Günümüzde sosyal hayatın baskılandığını ve
hızlı tanı sistemlerinin konser, sinema, sanatsal etkinlik
alanlarında kullanılabileceğini belirten Dr. Seymen, şunları
söyledi: İnsanların tamamen sıkıldığı bir noktadayız. Sosyal hayat
tamamen baskılanıyor. Sosyal hayatın açılabileceği her noktada
sahadayız. Artık yurt dışından gelen test sistemlerinin önüne
geçmeye başlıyoruz. Bu tanı sistemlerinin sosyal hayatta aktivite
ve etkinliklerde yerini alacağını düşünüyoruz.
Turizmin de başladığı bu aylarda havaalanlarında bu testler kullanılabilir. En önemli sosyal aktivitelerden birisi de konserler, sinemalar. Böylesi birçok alanda bu tanı kitleri kullanıma hazır.

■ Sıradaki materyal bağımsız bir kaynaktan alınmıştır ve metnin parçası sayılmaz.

lemma wins_by_walk:
  assumes "valid_walk a T W" "pos s = a # T" "lastd s \<noteq> Some 0" "set T \<subseteq> pegs"
    "fold forced_reply W T = replicate (length T) F" "last (a # W) \<noteq> F" "F \<in> pegs"
    "ends ec \<lparr>pos = replicate (Suc (length T)) F, lastd = Some 0,
       big_moved = big_moved s \<or> largest_moves T W, small_moved = True\<rparr>"
  shows "wins ec s"
  using assms
proof (induction W arbitrary: a T s)
  case Nil
  have "ends ec (apply_move s 0 F)"
    using ends_mono[OF Nil.prems(8)] Nil.prems(2,5) unfolding apply_move_def by auto
  then show ?case using wins_by_final_move[OF Nil.prems(2,3,7)] Nil.prems(6) by simp
next
  case (Cons x W)
  have x: "x \<in> pegs" "x \<noteq> a" "\<exists>t \<in> set T. t \<noteq> x" "valid_walk x (forced_reply x T) W"
    using Cons.prems(1) by auto
  show ?case
  proof (rule wins_by_small_disk_move[OF Cons.prems(2-4) x(1-3)])
    fix s' :: hstate assume s': "pos s' = x # forced_reply x T" "lastd s' \<noteq> Some 0"
      "big_moved s \<or> last (forced_reply x T) \<noteq> last T \<longrightarrow> big_moved s'"
    show "wins ec s'"
    proof (rule Cons.IH[OF x(4) s'(1,2) forced_reply_pegs[OF Cons.prems(4) x(1)]])
      show "ends ec \<lparr>pos = replicate (Suc (length (forced_reply x T))) F, lastd = Some 0,
          big_moved = big_moved s' \<or> largest_moves (forced_reply x T) W, small_moved = True\<rparr>"
        using ends_mono[OF Cons.prems(8)] s'(3) by auto
    qed (use Cons.prems in auto)
  qed
qed

lemma wins_by_gathering:
  assumes s: "pos s = a # T" "T \<noteq> []" "set T \<subseteq> pegs" "a \<in> pegs" "lastd s \<noteq> Some 0"
    and F: "F \<in> pegs"
    and ends: "ends ec \<lparr>pos = replicate (Suc (length T)) F, lastd = Some 0,
      big_moved = True, small_moved = True\<rparr>"
  shows "wins ec s"
proof -
  \<comment> \<open>a detour through a tower on H moves the largest disk\<close>
  define H where "H = (if last T = 1 then 2 else 1 :: nat)"
  have H: "H \<in> pegs" "H \<noteq> last T" by (simp_all add: H_def pegs_def)
  obtain W1 where W1: "valid_walk a T W1" "fold forced_reply W1 T = replicate (length T) H"
    using walk_to_tower[OF s(3,4) H(1)] s(2) by blast
  have detour_pegs: "set (replicate (length T) H) \<subseteq> pegs" "last (a # W1) \<in> pegs"
    using H(1) valid_walk_last_pegs[OF W1(1) s(4)] by auto
  obtain W2 where W2: "valid_walk (last (a # W1)) (replicate (length T) H) W2"
      "fold forced_reply W2 (replicate (length T) H) = replicate (length T) F"
      "last (last (a # W1) # W2) \<noteq> F"
    using walk_to_tower[OF detour_pegs F] s(2) by auto
  have "largest_moves T W1"
    using largest_moves_if_last_changed[OF s(2)] W1(2) H(2) s(2) by simp
  then have "largest_moves T (W1 @ W2)" by (simp add: largest_moves_append)
  moreover have "last (a # W1 @ W2) \<noteq> F" using W2(3) by (cases W2) auto
  ultimately show ?thesis
    using wins_by_walk[of a T "W1 @ W2" s F ec] s W1 W2 F ends by (simp add: valid_walk_append)
qed

lemma wins_single_disk:
  assumes s: "pos s = [a]" "a \<in> pegs" "lastd s \<noteq> Some 0" "s = init 1 \<or> \<not> ends ec s"
    and ec: "ec_valid 1 ec"
  shows "wins ec s"
proof -
  have final: "pos (apply_move s 0 F) = [F]" "big_moved (apply_move s 0 F)"
    "small_moved (apply_move s 0 F)" for F
    using s(1) unfolding apply_move_def by auto
  define F where "F = (case ec of EC1 f \<Rightarrow> f | _ \<Rightarrow> if a = 1 then 2 else 1)"
  have "F \<in> pegs \<and> F \<noteq> a \<and> ends ec (apply_move s 0 F)"
  proof (cases ec)
    case (EC1 f)
    have "a \<noteq> f"
    proof
      assume "a = f"
      then have "ends ec s" using EC1 s(1) by (simp add: is_tower_iff)
      moreover have "s \<noteq> init 1" using \<open>a = f\<close> EC1 ec s(1) by (auto simp: init_def)
      ultimately show False using s(4) by simp
    qed
    then show ?thesis using EC1 ec final unfolding F_def by (simp add: is_tower_iff)
  qed (use ec final in \<open>auto simp: F_def is_tower_iff pegs_def\<close>)
  then show ?thesis using wins_by_final_move[OF s(1,3)] by blast
qed

lemma reachable_pos: "reachable ec n s \<Longrightarrow> length (pos s) = n \<and> set (pos s) \<subseteq> pegs"
proof (induction rule: reachable.induct)
  case (2 s s')
  then obtain d q where "q \<in> pegs" "s' = apply_move s d q"
    unfolding step_def legal_def by blast
  then show ?case using 2 set_update_subset_insert[of "pos s" d q]
    unfolding apply_move_def by auto
qed (auto simp: init_def pegs_def)

lemma reachable_not_ended: "reachable ec n s \<Longrightarrow> s = init n \<or> \<not> ends ec s"
  by (induction rule: reachable.induct) auto

lemma wins_reachable:
  assumes "n \<ge> 1" "ec_valid n ec" "reachable ec n s" "lastd s \<noteq> Some 0"
  shows "wins ec s"
proof -
  obtain a T where s: "pos s = a # T" "length T = n - 1" "a \<in> pegs" "set T \<subseteq> pegs"
    using reachable_pos[OF assms(3)] assms(1) by (cases "pos s") auto
  show ?thesis
  proof (cases "T = []")
    case True
    then show ?thesis
      using wins_single_disk[of s a ec] s assms reachable_not_ended[OF assms(3)] by simp
  next
    case False
    define F where "F = (case ec of EC1 f \<Rightarrow> f | _ \<Rightarrow> 1)"
    have "F \<in> pegs" "ends ec \<lparr>pos = replicate (Suc (length T)) F, lastd = Some 0,
        big_moved = True, small_moved = True\<rparr>"
      using assms(2) by (cases ec; simp add: F_def is_tower_iff pegs_def)+
    then show ?thesis using wins_by_gathering[OF s(1) False s(4,3) assms(4)] by blast
  qed
qed

theorem corollary2:
  fixes n :: nat and ec :: ending
  assumes "n \<ge> 1" and "ec_valid n ec"
  shows "wins ec (init n) \<and>
    (\<forall>s. reachable ec n s \<and> lastd s \<noteq> Some 0 \<longrightarrow> wins ec s)"
  using wins_reachable[OF assms] reachable.intros(1)[of ec n] by (auto simp: init_def)

end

Bugün ise bu alanda önemli bir sanat aktivesi var. İnsanlar bu sanat aktivitesinin ziyaretine güvenli bir şekilde katılmak istiyor. Aktivitenin yöneticileriyle beraber bu alanı güvenilir hala getirdik. Alana girecek kişilere önce bu alanda koronavirüs testi yapıyoruz.”
"Avrupa'dan da talep görmeye başladık"
Bu
tanı kitinin doktorlar tarafından da tercih edileceğine dikkat
çeken Dr. Ali Aytaç Seymen, “Karşılarına bir hasta geldiğinde pek
çok tanı mekanizması tercih edebiliyorlar. Halbuki sadece ağız içi
mukozasından alınan bir örnekle koronavirüs ama önümüzdeki aylarda
bununla beraber benzer semptom gösteren birçok hastalığı da aynı
anda teşhis eden sistemler de geliştirme çabasındayız. Artık yurt
dışına da açılmanın vakti geldi. Özellikle Avrupa’dan da talep
görmeye başladık” ifadelerini kullandı.